* _EXERCISE AIM_
Of all the lines below, return only those starting with the line holding "M. S x \<in>" and going on through the line holding "using assms(1) by (simp", exactly as written.

* _DATA FOR THIS EXERCISE_

text \<open>
  The components that are correct from step \<open>k\<close> on form a set that grows strictly until it
  is everything: a minimal incorrect component has only correct parents, so it is correct one
  step later.
\<close>
lemma solve_iter_eq_solution:
  fixes G :: "('d::finite, 'e::finite) struct_eqs"
  assumes wf: "wf {(k, l). k \<in> Endo l}"
    and local: "\<And>i v v'. \<forall>k\<in>Endo i. v k = v' k \<Longrightarrow> G i v u = G i v' u"
    and sol: "is_solution G w u"
  shows "solve_iter G u CARD('d option) = w"
proof -
  define C where "C k = {i. \<forall>j\<ge>k. solve_iter G u j i = w i}" for k
  have C_grows: "C k \<subset> C (Suc k)" if "C k \<noteq> UNIV" for k
  proof -
    from that wf obtain i where i: "i \<notin> C k" and min: "\<And>k'. k' \<in> Endo i \<Longrightarrow> k' \<in> C k"
      unfolding wf_eq_minimal by (metis (lifting) Compl_iff UNIV_eq_I case_prodI mem_Collect_eq)
    have "i \<in> C (Suc k)"
    proof (clarsimp simp: C_def)
      fix j assume "Suc k \<le> j"
      then obtain j' where j: "j = Suc j'" "k \<le> j'" by (cases j) auto
      with min have "\<forall>k'\<in>Endo i. solve_iter G u j' k' = w k'" by (auto simp: C_def)
      then have "G i (solve_iter G u j') u = G i w u" by (rule local)
      with sol j(1) show "solve_iter G u j i = w i" by (simp add: is_solution_def solve_iter_Suc)
    qed
    with i show ?thesis by (auto simp: C_def)
  qed
  have "min k CARD('d option) \<le> card (C k)" for k
  proof (induction k)
    case (Suc k)
    show ?case
    proof (cases "C k = UNIV")
      case True
      moreover have "C k \<subseteq> C (Suc k)" by (auto simp: C_def)
      ultimately have "C (Suc k) = UNIV" by auto
      then show ?thesis by simp
    next
      case False
      then have "card (C k) < card (C (Suc k))" by (intro psubset_card_mono C_grows) auto
      with Suc.IH show ?thesis by linarith
    qed
  qed simp
  then have "C CARD('d option) = UNIV"
    by (metis card_seteq finite min.idem subset_UNIV)
  then show ?thesis
    unfolding C_def by (intro ext) (metis (mono_tags) UNIV_I mem_Collect_eq order_refl)
qed

lemma measurable_solve_iter:
  fixes G :: "('d, 'e::finite) struct_eqs"
  assumes "\<And>i. (\<lambda>(v, u). G i v u) \<in> borel_measurable (PiM UNIV (\<lambda>_. borel) \<Otimes>\<^sub>M borel)"
  shows "(\<lambda>u. solve_iter G u n) \<in> measurable borel (PiM UNIV (\<lambda>_. borel))"
proof (induction n)
  case 0
  show ?case by (simp add: measurable_abs_UNIV)
next
  case (Suc n)
  have "(\<lambda>u. (solve_iter G u n, u)) \<in> measurable borel (PiM UNIV (\<lambda>_. borel) \<Otimes>\<^sub>M borel)"
    using Suc.IH by (intro measurable_Pair) auto
  from measurable_comp[OF this assms] show ?case
    by (simp add: comp_def measurable_abs_UNIV solve_iter_Suc)
qed

lemma solve_iter_cong_exo:
  assumes "\<And>i v. G i v u = G i v u'"
  shows "solve_iter G u n = solve_iter G u' n"
  by (induction n) (simp_all add: assms solve_iter_Suc)

lemma borel_measurable_vec_lambda:
  fixes f :: "'n::finite \<Rightarrow> 'a \<Rightarrow> real"
  assumes "\<And>j. f j \<in> borel_measurable M"
  shows "(\<lambda>x. \<chi> j. f j x) \<in> borel_measurable M"
  by (subst borel_measurable_euclidean_space)
    (use assms in \<open>auto simp: Basis_vec_def cart_eq_inner_axis[symmetric] inner_axis\<close>)

lemma borel_measurable_vec_nth [measurable]: "(\<lambda>u::real^'n::finite. u $ j) \<in> borel_measurable borel"
  by (intro borel_measurable_continuous_onI continuous_intros)

definition extend_exo :: "'e set \<Rightarrow> ('e \<Rightarrow> real) \<Rightarrow> real^'e" where
  "extend_exo J w = (\<chi> j. if j \<in> J then w j else 0)"

lemma extend_restr_exo: "j \<in> J \<Longrightarrow> extend_exo J (restr_exo J u) $ j = u $ j"
  by (simp add: extend_exo_def restr_exo_def)

lemma measurable_extend_exo:
  "extend_exo J \<in> borel_measurable (PiM J (\<lambda>_. borel :: real measure))"
  unfolding extend_exo_def
proof (intro borel_measurable_vec_lambda)
  fix j
  show "(\<lambda>w. if j \<in> J then w j else 0) \<in> borel_measurable (PiM J (\<lambda>_. borel))"
    by (cases "j \<in> J") simp_all
qed

subsection \<open>Independence and conditioning on a discrete variable\<close>

lemma (in prob_space) indep_var_prob_conj:
  assumes "indep_var N1 X N2 Y" "A \<in> sets N1" "B \<in> sets N2"
  shows "\<P>(x in M. X x \<in> A \<and> Y x \<in> B) = \<P>(x in M. X x \<in> A) * \<P>(x in M. Y x \<in> B)"
  using indep_varD[OF assms] by (simp add: Int_def conj_commute vimage_def)

lemma (in prob_space) indep_varI_prob_conj:
  assumes "random_variable N1 X" "random_variable N2 Y"
    and "\<And>A B. A \<in> sets N1 \<Longrightarrow> B \<in> sets N2 \<Longrightarrow>
      \<P>(x in M. X x \<in> A \<and> Y x \<in> B) = \<P>(x in M. X x \<in> A) * \<P>(x in M. Y x \<in> B)"
  shows "indep_var N1 X N2 Y"
proof -
  have "indep_set {X -` A \<inter> space M | A. A \<in> sets N1} {Y -` B \<inter> space M | B. B \<in> sets N2}"
  proof (rule indep_setI)
    fix a b
    assume "a \<in> {X -` A \<inter> space M | A. A \<in> sets N1}" "b \<in> {Y -` B \<inter> space M | B. B \<in> sets N2}"
    then obtain A B where "A \<in> sets N1" "B \<in> sets N2" "a = X -` A \<inter> space M" "b = Y -` B \<inter> space M"
      by blast
    moreover have "a \<inter> b = {x \<in> space M. X x \<in> A \<and> Y x \<in> B}"
      using \<open>a = _\<close> \<open>b = _\<close> by auto
    ultimately show "prob (a \<inter> b) = prob a * prob b"
      using assms(3)[of A B] by (simp add: vimage_def Int_def conj_commute)
  qed (use assms(1,2) in \<open>auto simp: measurable_sets\<close>)
  then have "indep_sets (case_bool {X -` A \<inter> space M | A. A \<in> sets N1} {Y -` B \<inter> space M | B. B \<in> sets N2}) UNIV"
    by (simp add: indep_set_def)
  moreover have "case_bool {X -` A \<inter> space M | A. A \<in> sets N1} {Y -` B \<inter> space M | B. B \<in> sets N2} =
      (\<lambda>i. {case_bool X Y i -` A \<inter> space M | A. A \<in> sets (case_bool N1 N2 i)})"
    by (rule ext) (simp split: bool.split)
  ultimately show ?thesis
    using assms(1,2) unfolding indep_var_def indep_vars_def2 by (auto split: bool.split)
qed

lemma (in prob_space) indep_var_AE_cong:
  assumes "indep_var N1 X N2 Y" "AE x in M. X x = X' x" "AE x in M. Y x = Y' x"
    and "random_variable N1 X'" "random_variable N2 Y'"
  shows "indep_var N1 X' N2 Y'"
proof -
  have X: "random_variable N1 X" and Y: "random_variable N2 Y"
    using indep_var_rv1[OF assms(1)] indep_var_rv2[OF assms(1)] .
  have "distr M N1 X = distr M N1 X'" "distr M N2 Y = distr M N2 Y'"
    using assms(2-5) X Y by (auto intro!: distr_cong_AE)
  moreover have "distr M (N1 \<Otimes>\<^sub>M N2) (\<lambda>x. (X x, Y x)) = distr M (N1 \<Otimes>\<^sub>M N2) (\<lambda>x. (X' x, Y' x))"
    using assms(2-5) X Y by (intro distr_cong_AE) (auto elim: eventually_elim2)
  ultimately show ?thesis
    using assms(1,4,5) by (simp add: indep_var_distribution_eq)
qed

lemma (in prob_space) prob_eq_sum_values:
  fixes S :: "'a \<Rightarrow> real"
  assumes "finite Ss" "AE x in M. S x \<in> Ss"
    and [measurable]: "S \<in> borel_measurable M" "Measurable.pred M P" "C \<in> sets borel"
  shows "\<P>(x in M. P x \<and> S x \<in> C) = (\<Sum>s\<in>C \<inter> Ss. \<P>(x in M. P x \<and> S x = s))"
proof -
  have [measurable]: "Ss \<in> sets borel"
    using assms(1) by (simp add: finite_imp_closed)
  have "\<P>(x in M. P x \<and> S x \<in> C) = \<P>(x in M. P x \<and> S x \<in> C \<inter> Ss)"
    using assms(2) by (intro prob_eq_AE) (auto elim: eventually_mono)
  also have "\<dots> = measure M (\<Union>s\<in>C \<inter> Ss. {x \<in> space M. P x \<and> S x = s})"
    by (auto intro!: arg_cong[where f = prob])
  also have "\<dots> = (\<Sum>s\<in>C \<inter> Ss. \<P>(x in M. P x \<and> S x = s))"
    using assms(1) by (intro finite_measure_finite_Union) (auto simp: disjoint_family_on_def)
  finally show ?thesis .
qed
lemma conv_radius_ge_1_if_norm_ratio_tendsto_1:
  fixes c R :: "nat \<Rightarrow> 'a :: {banach, real_normed_div_algebra}"
  assumes ratio: "\<And>n. c (Suc n) = c n * R n"
    and lim: "(\<lambda>n. norm (R n)) \<longlonglongrightarrow> 1"
  shows "1 \<le> conv_radius c"
proof (rule conv_radius_geI_ex')
  fix r :: real
  assume r: "0 < r" "ereal r < 1"
  define q where "q = (1 + 1 / r) / 2"
  have "1 < q" "q * r < 1"
    using r by (simp_all add: q_def field_simps)
  then obtain N where N: "\<And>n. n \<ge> N \<Longrightarrow> norm (R n) < q"
    using order_tendstoD(2)[OF lim \<open>1 < q\<close>] by (auto simp: eventually_sequentially)
  show "summable (\<lambda>n. c n * of_real r ^ n)"
  proof (rule summable_ratio_test[of "q * r" N])
    fix n
    assume "n \<ge> N"
    then have "norm (c n) * norm (R n) * r ^ Suc n \<le> norm (c n) * q * r ^ Suc n"
      using N r by (intro mult_right_mono mult_left_mono) (auto simp: less_imp_le)
    then show "norm (c (Suc n) * of_real r ^ Suc n) \<le> q * r * norm (c n * of_real r ^ n)"
      using r by (simp add: ratio norm_mult norm_power algebra_simps)
  qed fact
qed

lemma hyp_coeff_ratio_tendsto:
  fixes ps qs :: "complex list"
  assumes "length ps = Suc (length qs)"
  shows "(\<lambda>n. norm ((\<Prod>p\<leftarrow>ps. p + of_nat n) / (of_nat (Suc n) * (\<Prod>q\<leftarrow>qs. q + of_nat n))))
           \<longlonglongrightarrow> 1"
proof -
  let ?P = "\<lambda>n. \<Prod>p\<leftarrow>ps. (p + of_nat n) / of_nat n"
  let ?Q = "\<lambda>n. \<Prod>q\<leftarrow>qs. (q + of_nat n) / of_nat n"
  have "(\<lambda>n. ?P n / ((1 + of_nat n) / of_nat n * ?Q n)) \<longlonglongrightarrow> 1 / (1 * 1)"
    using tendsto_prod_list_add_of_nat_divide[of ps] tendsto_prod_list_add_of_nat_divide[of qs]
          tendsto_prod_list_add_of_nat_divide[of "[1]"]
    by (intro tendsto_intros) auto
  moreover have "\<forall>\<^sub>F n in sequentially. ?P n / ((1 + of_nat n) / of_nat n * ?Q n)
      = (\<Prod>p\<leftarrow>ps. p + of_nat n) / (of_nat (Suc n) * (\<Prod>q\<leftarrow>qs. q + of_nat n))"
    using eventually_gt_at_top[of 0]
  proof eventually_elim
    case (elim n)
    then show ?case
      by (cases "(\<Prod>q\<leftarrow>qs. q + of_nat n) = 0") (simp_all add: prod_list_map_divide assms field_simps)
  qed
  ultimately have "(\<lambda>n. (\<Prod>p\<leftarrow>ps. p + of_nat n) / (of_nat (Suc n) * (\<Prod>q\<leftarrow>qs. q + of_nat n)))
      \<longlonglongrightarrow> 1"
    by (simp add: Lim_transform_eventually)
  from tendsto_norm[OF this] show ?thesis by simp
qed

lemma fps_conv_radius_hyp_coeff:
  assumes "length ps = Suc (length qs)"
  shows "1 \<le> fps_conv_radius (Abs_fps (hyp_coeff ps qs))"
  unfolding fps_conv_radius_def fps_nth_Abs_fps
  by (rule conv_radius_ge_1_if_norm_ratio_tendsto_1[OF _ hyp_coeff_ratio_tendsto[OF assms]])
     simp

lemma hypF_eq_eval_fps: "hypF ps qs = eval_fps (Abs_fps (hyp_coeff ps qs))"
  by (simp add: fun_eq_iff hypF_def eval_fps_def)

lemma hyp_coeff_Suc_mult:
  assumes "\<forall>q\<in>set qs. q + of_nat n \<noteq> 0"
  shows "hyp_coeff ps qs (Suc n) * (of_nat (Suc n) * (\<Prod>q\<leftarrow>qs. q + of_nat n))
           = hyp_coeff ps qs n * (\<Prod>p\<leftarrow>ps. p + of_nat n)"
proof -
  have "(\<Prod>q\<leftarrow>qs. q + of_nat n) \<noteq> 0"
    using assms by (auto simp: prod_list_zero_iff)
  then show ?thesis
    by (simp del: of_nat_Suc)
qed

lemma eval_fps_of_poly_mult:
  fixes F :: "'a :: {banach, real_normed_div_algebra, comm_ring_1} fps"
  assumes "norm z < fps_conv_radius F"
  shows "eval_fps (fps_of_poly p * F) z = poly p z * eval_fps F z"
  using assms by (simp add: eval_fps_mult)

lemma deriv_deriv_eval_fps:
  fixes F :: "'a :: {banach, real_normed_field} fps"
  assumes "norm z < fps_conv_radius F"
  shows "deriv (deriv (eval_fps F)) z = eval_fps (fps_deriv (fps_deriv F)) z"
proof -
  have "\<forall>\<^sub>F w in nhds z. w \<in> eball 0 (fps_conv_radius F)"
    using assms by (intro eventually_nhds_in_open) auto
  then have "\<forall>\<^sub>F w in nhds z. deriv (eval_fps F) w = eval_fps (fps_deriv F) w"
    by eventually_elim (simp add: eval_fps_deriv)
  then have "deriv (deriv (eval_fps F)) z = deriv (eval_fps (fps_deriv F)) z"
    by (rule deriv_cong_ev) simp
  also have "\<dots> = eval_fps (fps_deriv (fps_deriv F)) z"
    using assms fps_conv_radius_deriv[of F] by (intro eval_fps_deriv [symmetric]) simp
  finally show ?thesis .
qed

lemma fps_nth_of_poly_pCons_mult_0: "fps_nth (fps_of_poly (pCons c p) * F) 0 = c * fps_nth F 0"
  by (simp add: fps_of_poly_pCons distrib_right)

lemma fps_nth_of_poly_pCons_mult_Suc:
  fixes F :: "'a :: comm_ring_1 fps"
  shows "fps_nth (fps_of_poly (pCons c p) * F) (Suc n)
           = c * fps_nth F (Suc n) + fps_nth (fps_of_poly p * F) n"
proof -
  have "fps_of_poly (pCons c p) * F = fps_const c * F + fps_X * (fps_of_poly p * F)"
    by (simp add: fps_of_poly_pCons algebra_simps)
  then show ?thesis
    by simp
qed

text \<open>
  Heun's operator multiplied by \<open>z(z - 1)(z - a)\<close>, acting on formal power series: the three
  polynomials are \<open>z(z - 1)(z - a)\<close>, \<open>\<gamma>(z - 1)(z - a) + \<delta>z(z - a) + \<epsilon>z(z - 1)\<close> and
  \<open>\<rho>z - q\<close>, where \<open>\<rho>\<close> stands for the product \<open>\<alpha>\<beta>\<close> of the exponents at infinity.
\<close>

definition heun_fps ::
    "complex \<Rightarrow> complex \<Rightarrow> complex \<Rightarrow> complex \<Rightarrow> complex \<Rightarrow> complex \<Rightarrow> complex fps \<Rightarrow> complex fps"
  where
  "heun_fps a \<gamma> \<delta> \<epsilon> \<rho> q F =
     fps_of_poly [:0, a, -(1 + a), 1:] * fps_deriv (fps_deriv F)
   + fps_of_poly [:\<gamma> * a, -(\<gamma> * (1 + a) + \<delta> * a + \<epsilon>), \<gamma> + \<delta> + \<epsilon>:] * fps_deriv F
   + fps_of_poly [:-q, \<rho>:] * F"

* _WRITTEN RESPONSE_
  assumes "finite Ss" "AE x in M. S x \<in> Ss"
    and [measurable]: "S \<in> borel_measurable M" "Measurable.pred M P" "C \<in> sets borel"
  shows "\<P>(x in M. P x \<and> S x \<in> C) = (\<Sum>s\<in>C \<inter> Ss. \<P>(x in M. P x \<and> S x = s))"
proof -
  have [measurable]: "Ss \<in> sets borel"
    using assms(1) by (simp add: finite_imp_closed)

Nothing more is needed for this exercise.